А ведь ее нельзя назвать хорошей книгой, думал Пирс, если судить с точки зрения беллетристики; это философский роман, отстраненный, экстравагантный, в нем не чувствуется жизни, такой, какой она должна была протекать в то время — какой она и была, если говорить о нашем мире, о том единственном, в котором, если отбросить все метафоры, мы все и живем, — взаправду и всерьез. Персонажи похожи на голодных призраков, без той яркой живой завершенности, которую Пирс помнил по другим вещам Крафта, вроде «Надкушенных яблок» или той, другой, про Валленштейна. Десятки исторических личностей — и, насколько Пирс мог судить, ни одного вымышленного персонажа, за исключением самых незначительных; большие и малые события, в которых они действительно принимали участие, все превращены в зимнюю сказку вымышленными скрытыми причинами, которые ими якобы руководят: родовые потуги и предсмертная агония эпох, смертельные схватки могучих волшебников, действия демонов, христовы слезы, веления звезд.
Нет, нет, нет, говорил он Джулии, нет, все эти розенкрейцеры, хранящие свои тайные истории, передавая их через века зашифрованными в книгах, где все означает противоположное тому, что написано, и пытающиеся повлиять на судьбы империи, таясь за тронами королей и Пап, — и всякие прочие тайные общества, вольные каменщики, иллюминаты — вовсе не являлись движущей силой истории. Неужели ты не видишь, говорил он ей, правда на самом деле куда интереснее: тайные общества не обладали в исторической действительности реальной силой, но представление о том, что тайные общества обладают ею, действительно обладало такой силой.
И все-таки.
Все-таки.
Допиши-ка это, а? В отличие от Истории, историям нужны концовки; странички с пометками в финале рукописи Крафта только уводили повесть еще дальше, громоздя годы, книги, героев, которых хватило бы (показалось Пирсу при беглом просмотре), чтобы наполнить еще два, даже три тома — но так и не добраться до финала.
Но ведь Пирс мог додумать финал, мог.
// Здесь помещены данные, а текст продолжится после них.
(* Let $q$ be odd, $\alpha,\beta\in\mathbb{F}_{q^2}$ with $\alpha\ne0$ and $(\beta^q-\beta)^2+4\alpha^{q+1}$ a nonsquare in $\mathbb{F}_q$, and let $R_1=(0,\epsilon,1)$, $U_\infty=(1,0,0)$. If $\ell$ is a line of $\mathrm{PG}(2,q^2)$ not through $U_\infty$, then $|\ell\cap\mathrm{pedal}(R_1)|\in\{0,1,2\}$.
   Context: Points of $\mathrm{PG}(2,q^2)$ have homogeneous coordinates $(x,y,z)$. $\zeta$ is a primitive element of $\mathbb{F}_{q^2}$ and $\epsilon=\zeta^{(q+1)/2}$. $\mathcal U_{\alpha\beta}=\{(x,\alpha x^2+\beta x^{q+1}+r,1): x\in\mathbb{F}_{q^2}, r\in\mathbb{F}_q\}\cup\{(0,1,0)\}$, which under the hypotheses is a unital (a set of $q^3+1$ points meeting every line in $1$ or $q+1$ points), and $R_1\notin\mathcal U_{\alpha\beta}$. For a point $P$ not on the unital, $\mathrm{pedal}(P)$ is the set of points of contact of the $q+1$ tangent lines (lines meeting the unital in exactly one point) through $P$. *)

theory Defs
  imports Main
begin

type_synonym 'a vec3 = "'a \<times> 'a \<times> 'a"

definition smul3 :: "'a::field \<Rightarrow> 'a vec3 \<Rightarrow> 'a vec3" where
  "smul3 c v = (case v of (x, y, z) \<Rightarrow> (c * x, c * y, c * z))"

definition proj_pt :: "'a::field vec3 \<Rightarrow> 'a vec3 set" where
  "proj_pt v = {smul3 c v | c. c \<noteq> 0}"

definition pg_points :: "'a::field vec3 set set" where
  "pg_points = {proj_pt v | v. v \<noteq> (0, 0, 0)}"

definition line_of :: "'a::field vec3 \<Rightarrow> 'a vec3 set set" where
  "line_of l = (case l of (a, b, c) \<Rightarrow>
     {proj_pt (x, y, z) | x y z. (x, y, z) \<noteq> (0, 0, 0) \<and> a * x + b * y + c * z = 0})"

definition pg_lines :: "'a::field vec3 set set set" where
  "pg_lines = {line_of l | l. l \<noteq> (0, 0, 0)}"

definition in_Fq :: "nat \<Rightarrow> 'a::field \<Rightarrow> bool" where
  "in_Fq q r \<longleftrightarrow> r ^ q = r"

definition primitive_elem :: "'a::{field,finite} \<Rightarrow> bool" where
  "primitive_elem z \<longleftrightarrow> z \<noteq> 0 \<and> (\<forall>k. 0 < k \<and> k < card (UNIV :: 'a set) - 1 \<longrightarrow> z ^ k \<noteq> 1)"
definition misiurewicz_class :: "(nat \<Rightarrow> 'a::metric_space set) \<Rightarrow> (nat \<Rightarrow> 'a measure) \<Rightarrow> (nat \<Rightarrow> 'a set set) set" where
  "misiurewicz_class X \<mu> = {P.
     (\<forall>n. borel_partition (X n) (P n)) \<and> (\<exists>K::nat. \<forall>n. card (P n) \<le> K) \<and>
     (\<forall>\<epsilon>>0. \<exists>\<delta>>0. \<exists>C. \<forall>n. \<forall>A\<in>P n.
         compact (C n A) \<and> C n A \<subseteq> A \<and> measure (\<mu> n) (A - C n A) \<le> \<epsilon> \<and>
         (\<forall>B\<in>P n. A \<noteq> B \<longrightarrow> (\<forall>x\<in>C n A. \<forall>y\<in>C n B. \<delta> \<le> dist x y)))}"

definition preimage_partitions :: "(nat \<Rightarrow> 'a set) \<Rightarrow> (nat \<Rightarrow> 'a \<Rightarrow> 'b) \<Rightarrow> (nat \<Rightarrow> 'b set set) \<Rightarrow> nat \<Rightarrow> 'a set set" where
  "preimage_partitions X \<pi> Q n = (\<lambda>B. X n \<inter> \<pi> n -` B) ` Q n"

definition part_entropy :: "'a measure \<Rightarrow> 'a set set \<Rightarrow> real" where
  "part_entropy M P = - (\<Sum>A\<in>P. measure M A * ln (measure M A))"

primrec fcomp :: "(nat \<Rightarrow> 'a \<Rightarrow> 'a) \<Rightarrow> nat \<Rightarrow> 'a \<Rightarrow> 'a" where
  "fcomp f 0 = id"
| "fcomp f (Suc i) = f i \<circ> fcomp f i"

definition join_partition :: "(nat \<Rightarrow> 'a set) \<Rightarrow> (nat \<Rightarrow> 'a \<Rightarrow> 'a) \<Rightarrow> (nat \<Rightarrow> 'a set set) \<Rightarrow> nat \<Rightarrow> 'a set set" where
  "join_partition X f P n = {X 0 \<inter> (\<Inter>i<n. fcomp f i -` A i) | A. \<forall>i<n. A i \<in> P i}"

definition seq_entropy :: "(nat \<Rightarrow> 'a set) \<Rightarrow> (nat \<Rightarrow> 'a measure) \<Rightarrow> (nat \<Rightarrow> 'a \<Rightarrow> 'a) \<Rightarrow> (nat \<Rightarrow> 'a set set) \<Rightarrow> ereal" where
  "seq_entropy X \<mu> f P = limsup (\<lambda>n. ereal (part_entropy (\<mu> 0) (join_partition X f P n) / real n))"

definition misiurewicz_entropy :: "(nat \<Rightarrow> 'a::metric_space set) \<Rightarrow> (nat \<Rightarrow> 'a measure) \<Rightarrow> (nat \<Rightarrow> 'a \<Rightarrow> 'a) \<Rightarrow> ereal" where
  "misiurewicz_entropy X \<mu> f = (SUP P\<in>misiurewicz_class X \<mu>. seq_entropy X \<mu> f P)"

end

theory Submission
  imports Defs
begin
Придумать, как после великой перемены все кончилось — Ноев потоп, буря перемен, сметающая прочь весь старый мир, шторм, состоящий из Тридцатилетней войны, из tercios, Валленштейна, из огня и меча; Разума, Декарта, Питера Рамуса, Бэкона и из Неразумия тоже, из ведьм, горевших у столбов, — потом все это было сметено и ушло в безвозвратность, сокрылись розенкрейцеровы братья; Камень, Чашу, Крест и Розу — все снесло как ветром; он мог представить, как под закопченным, черным как смоль небом (рассвет должен заняться, но где-то в другом месте, в другое время) они все собираются, герои тогдашнего века, который к тому времени уже стал переходить в область воображения, их созывает по одному старик с белой как молоко бородой и со звездой во лбу. Собрались. А теперь пойдемте, так как наше время прошло. Один за другим, из мастерских и карстовых пещер Праги, философских садов Гейдельберга, келий и дворцов Рима, Парижа и Лондона. Все кончено. И куда им податься? Рассвет приносит ветер; они ступают на палубу стоящего на якоре корабля, паруса которого уже наполняются, на них начертан знак Рака. Их путь лежит куда-то дальше, в белый город на самом дальнем востоке, опять в безымянную страну. Вперед!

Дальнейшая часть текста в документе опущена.